TASK TO COMPLETE. Your answer should consist of the lines below that hold the word "using".

*** RECORDS PROVIDED ***

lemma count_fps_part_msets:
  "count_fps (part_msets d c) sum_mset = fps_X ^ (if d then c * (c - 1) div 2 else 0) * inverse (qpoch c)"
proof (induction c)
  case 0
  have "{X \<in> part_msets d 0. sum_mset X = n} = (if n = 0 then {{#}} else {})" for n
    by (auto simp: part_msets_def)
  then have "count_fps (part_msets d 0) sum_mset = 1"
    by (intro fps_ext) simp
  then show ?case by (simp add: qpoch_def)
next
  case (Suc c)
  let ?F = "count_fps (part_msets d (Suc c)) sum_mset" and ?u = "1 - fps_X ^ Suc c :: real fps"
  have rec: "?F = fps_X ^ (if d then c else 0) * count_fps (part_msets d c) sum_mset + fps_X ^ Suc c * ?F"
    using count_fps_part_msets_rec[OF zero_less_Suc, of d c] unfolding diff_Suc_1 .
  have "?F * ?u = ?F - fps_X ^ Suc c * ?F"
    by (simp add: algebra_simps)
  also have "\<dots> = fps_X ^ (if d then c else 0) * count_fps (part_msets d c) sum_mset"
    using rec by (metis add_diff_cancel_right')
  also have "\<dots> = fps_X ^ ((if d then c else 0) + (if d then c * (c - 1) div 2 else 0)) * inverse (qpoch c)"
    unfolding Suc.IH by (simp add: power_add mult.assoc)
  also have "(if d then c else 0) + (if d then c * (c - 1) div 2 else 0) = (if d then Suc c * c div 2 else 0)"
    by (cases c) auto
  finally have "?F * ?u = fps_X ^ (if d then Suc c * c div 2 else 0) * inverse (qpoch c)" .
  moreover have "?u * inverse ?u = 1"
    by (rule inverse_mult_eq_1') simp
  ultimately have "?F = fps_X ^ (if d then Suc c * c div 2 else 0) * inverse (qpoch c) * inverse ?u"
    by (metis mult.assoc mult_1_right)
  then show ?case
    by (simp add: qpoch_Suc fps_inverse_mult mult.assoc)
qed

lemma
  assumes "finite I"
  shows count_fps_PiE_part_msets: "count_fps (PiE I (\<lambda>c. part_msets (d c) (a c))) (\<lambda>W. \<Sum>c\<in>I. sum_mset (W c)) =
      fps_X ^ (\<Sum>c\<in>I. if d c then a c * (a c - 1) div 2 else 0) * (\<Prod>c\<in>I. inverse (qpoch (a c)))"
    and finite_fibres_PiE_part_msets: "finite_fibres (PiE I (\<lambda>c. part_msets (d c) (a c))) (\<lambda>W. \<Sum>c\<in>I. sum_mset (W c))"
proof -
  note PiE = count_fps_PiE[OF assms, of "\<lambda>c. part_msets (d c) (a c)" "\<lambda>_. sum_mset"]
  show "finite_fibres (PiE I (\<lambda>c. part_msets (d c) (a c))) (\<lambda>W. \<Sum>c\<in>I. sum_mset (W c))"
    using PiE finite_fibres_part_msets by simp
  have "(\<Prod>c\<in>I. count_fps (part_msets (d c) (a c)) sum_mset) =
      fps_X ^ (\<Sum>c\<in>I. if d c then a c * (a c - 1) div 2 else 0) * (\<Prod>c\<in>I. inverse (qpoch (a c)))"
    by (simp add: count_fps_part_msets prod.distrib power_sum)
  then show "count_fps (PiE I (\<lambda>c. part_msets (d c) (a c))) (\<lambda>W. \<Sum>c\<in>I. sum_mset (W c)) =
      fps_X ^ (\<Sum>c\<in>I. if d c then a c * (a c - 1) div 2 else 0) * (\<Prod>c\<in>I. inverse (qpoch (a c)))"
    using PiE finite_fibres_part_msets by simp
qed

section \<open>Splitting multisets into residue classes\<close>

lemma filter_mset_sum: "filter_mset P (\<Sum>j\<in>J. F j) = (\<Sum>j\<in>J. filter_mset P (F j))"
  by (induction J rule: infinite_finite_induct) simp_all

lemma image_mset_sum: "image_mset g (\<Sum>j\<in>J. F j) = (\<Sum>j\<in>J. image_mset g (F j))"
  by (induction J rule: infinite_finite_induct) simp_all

*** End of RECORDS PROVIDED ***
*** RECORDS PROVIDED ***

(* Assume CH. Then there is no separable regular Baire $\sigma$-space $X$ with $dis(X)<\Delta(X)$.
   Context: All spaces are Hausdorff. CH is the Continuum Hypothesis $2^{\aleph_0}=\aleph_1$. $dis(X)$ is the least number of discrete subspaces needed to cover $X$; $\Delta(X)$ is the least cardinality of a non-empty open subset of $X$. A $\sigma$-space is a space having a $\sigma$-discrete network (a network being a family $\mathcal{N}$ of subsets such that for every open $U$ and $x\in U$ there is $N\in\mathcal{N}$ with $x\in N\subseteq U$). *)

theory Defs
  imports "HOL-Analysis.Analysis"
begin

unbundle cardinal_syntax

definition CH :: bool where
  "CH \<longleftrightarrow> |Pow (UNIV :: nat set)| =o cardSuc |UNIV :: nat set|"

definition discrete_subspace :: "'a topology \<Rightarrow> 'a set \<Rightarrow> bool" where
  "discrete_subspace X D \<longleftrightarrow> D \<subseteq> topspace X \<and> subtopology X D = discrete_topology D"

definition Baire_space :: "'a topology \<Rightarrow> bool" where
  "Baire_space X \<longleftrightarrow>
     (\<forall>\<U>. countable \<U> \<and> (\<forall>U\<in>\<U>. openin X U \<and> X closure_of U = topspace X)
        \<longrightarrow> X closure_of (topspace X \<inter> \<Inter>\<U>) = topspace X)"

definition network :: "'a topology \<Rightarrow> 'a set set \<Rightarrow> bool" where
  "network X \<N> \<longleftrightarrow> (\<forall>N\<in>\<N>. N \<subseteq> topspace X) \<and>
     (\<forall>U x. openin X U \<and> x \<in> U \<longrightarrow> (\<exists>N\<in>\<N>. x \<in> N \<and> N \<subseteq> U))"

*** End of RECORDS PROVIDED ***

EXERCISE SOLUTION.
    using count_fps_part_msets_rec[OF zero_less_Suc, of d c] unfolding diff_Suc_1 .
    using rec by (metis add_diff_cancel_right')
    using PiE finite_fibres_part_msets by simp
    using PiE finite_fibres_part_msets by simp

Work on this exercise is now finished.